The retrofit of PdM solutions for legacy machines has presented some challenges. The creation of PdM is highly data dependent and time consuming, as detailed below. While research exists on the creation of bespoke PdM systems for legacy machinery, this has proved difficult to rollout to multiple machines due to variations in machines, i.e., machine model types, deviations of operation due to degradation, maintenance variations, and historic machine upgrades. This work hopes to address machine-to-machine variation through a machine-learning technique. Such a system will allow fast deployment of PdM on legacy machines of varying parameters.

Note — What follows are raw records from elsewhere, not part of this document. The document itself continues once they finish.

lemma sum_mod_add_period:
  fixes P n :: nat
  assumes P: "0 < P"
  shows "(\<Sum>i<n + P. L (i mod P)) = (\<Sum>i<n. L (i mod P)) + (\<Sum>r<P. L r)"
proof (induction n)
  case 0
  have "(\<Sum>i<P. L (i mod P)) = (\<Sum>i<P. L i)" by (rule sum.cong) auto
  then show ?case by simp
next
  case (Suc n)
  have "(\<Sum>i<Suc n + P. L (i mod P)) = (\<Sum>i<n + P. L (i mod P)) + L (n mod P)"
    by simp
  then show ?case using Suc by (simp add: algebra_simps)
qed

lemma cesaro_periodic:
  fixes L :: "nat \<Rightarrow> real"
  assumes P: "0 < P"
  shows "(\<lambda>n. (\<Sum>i<n. L (i mod P)) / real n) \<longlonglongrightarrow> (\<Sum>r<P. L r) / real P"
proof -
  define \<Lambda> where "\<Lambda> = (\<Sum>r<P. L r)"
  define f where "f n = (\<Sum>i<n. L (i mod P)) - real n * \<Lambda> / real P" for n
  have f_periodic: "f (n + P) = f n" for n
    unfolding f_def sum_mod_add_period[OF P] \<Lambda>_def[symmetric] using P by (simp add: field_simps)
  have f_mod: "f n = f (n mod P)" for n
  proof (induction n rule: less_induct)
    case (less n)
    show ?case
    proof (cases "n < P")
      case False
      then have "f n = f (n - P)" using f_periodic[of "n - P"] by simp
      also have "\<dots> = f ((n - P) mod P)" using less[of "n - P"] P False by simp
      also have "(n - P) mod P = n mod P" using False by (simp add: le_mod_geq[symmetric])
      finally show ?thesis .
    qed simp
  qed
  define B where "B = (\<Sum>r<P. \<bar>f r\<bar>)"
  have "\<bar>f n\<bar> \<le> B" for n
  proof -
    have "\<bar>f (n mod P)\<bar> \<le> B"
      unfolding B_def using P by (intro member_le_sum) auto
    then show ?thesis using f_mod[of n] by simp
  qed
  then have "(\<lambda>n. f n / real n) \<longlonglongrightarrow> 0"
    by (intro Lim_null_comparison[OF always_eventually lim_const_over_n[of B]] allI)
      (simp add: divide_right_mono)
  then have "(\<lambda>n. f n / real n + \<Lambda> / real P) \<longlonglongrightarrow> 0 + \<Lambda> / real P"
    by (intro tendsto_add tendsto_const)
  moreover have "\<forall>\<^sub>F n in sequentially. f n / real n + \<Lambda> / real P = (\<Sum>i<n. L (i mod P)) / real n"
    using eventually_gt_at_top[of 0] by eventually_elim (simp add: f_def field_simps)
  ultimately show ?thesis
    unfolding \<Lambda>_def by (simp add: Lim_transform_eventually)
qed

1.1. Review of the Literature

For the solution of above mention problems, a PdM strategy is utilized and examined in two main groups as model-based and data-driven techniques. The first of these is model-based methods [6,7,8,9,10] that create a mathematical or physical model to describe degradation processes. The inner parameters of the model-based methods, including the Markov process-based model [11,12], Winner process-based model [9,13,14], and Gaussian mixture-based model [15,16], etc., are adjusted using the data measured from the machine. However, establishing a mathematical or physical model of the machine is very difficult due to the random nature of the degradation process and the many subparts in a machine [17]. In addition, the data-driven method uses a classifier or regression technique, whose internal parameters are adjusted to reduce the error between the output of the model and the data obtained from the machine. After tuning the parameters, the classifier or regression technique can detect an error or estimate the remaining useful life (RUL). The data-driven model consists of four main parts: data collection, data preprocessing, feature extraction, and classification/regression [18,19]. The degradation detection performance of the model is based on the harmony of these steps.
In a typical PdM application, signals or data from the machine to be maintained are collected through sensors containing information about the machine’s health. While vibration sensors [8,20,21,22,23,24,25,26,27] are primarily used in the PdM area, temperature [28,29,30,31,32] and acoustic sensors [33,34,35,36] are also widely used to capture the failures in the machine. Due to the nature of the sensor and environmental conditions, the obtained raw signals often contain noise that should be eliminated with various signal-processing techniques. In the next step, the features are obtained from denoised signals by using several feature-extraction techniques, including wavelet [37,38,39] Lyapunov exponents [40], singular spectral analysis [41], fast kurtogram [42], high-order spectral features [43], and empirical mode decomposition [44], etc. In the last step, a dataset is created using the resulting features and labels related to the features. The internal parameters of an appropriate classifier are trained to learn the relationship between features and labels.
A variety of domain classifiers, including logistic regression [35,45,46,47,48,49,50,51], support-vector machine [26,29,43,44,52,53,54,55,56,57,58,59,60,61], naive Bayes [62,63,64,65,66], decision tree [33,67,68,69,70,71,72], random forest [73,74,75,76,77,78,79,80], gradient boosting [20,81,82,83], k-nearest neighbor [36,70,84,85,86,87,88], and linear-discriminant analysis [88,89,90,91,92,93] have been proposed to detect failures in a machine. Although these methods produce successful results in small or medium-sized datasets, they cannot produce good results in large-scale, imbalanced, and nonlinear datasets. To eliminate these disadvantages, some models based on neural networks [24,53,94,95,96,97,98,99,100,101,102,103,104,105,106,107,108,109,110,111], and adaptive neuro-fuzzy inference systems [34,112,113,114,115,116,117,118,119] are proposed. However, these techniques also have problems such as overfitting, requiring several user-supplied parameters, the curse of dimensionality, etc.
On the other hand, recent improvements in sensor technologies and deep learning have led to a surge of new techniques at the intersection of these areas, building new strategies in the PdM applications. Deep-learning-based algorithms analyze complex and multichannel time series to predict maintenance time or detect a machine failure. Recurrent neural network (RNN) [120] or its improved versions [121,122,123], restricted Boltzmann machine (RBM) [124,125], autoencoder (AE) [126,127] and convolutional neural network (CNN) [128,129,130]-based deep neural networks (DNN) are the most commonly used techniques to monitor the current condition of a system or machine. Several studies have recently shown that DNN-based structures have several advantages over the above-mentioned conventional methods, such as SVM, DT, etc.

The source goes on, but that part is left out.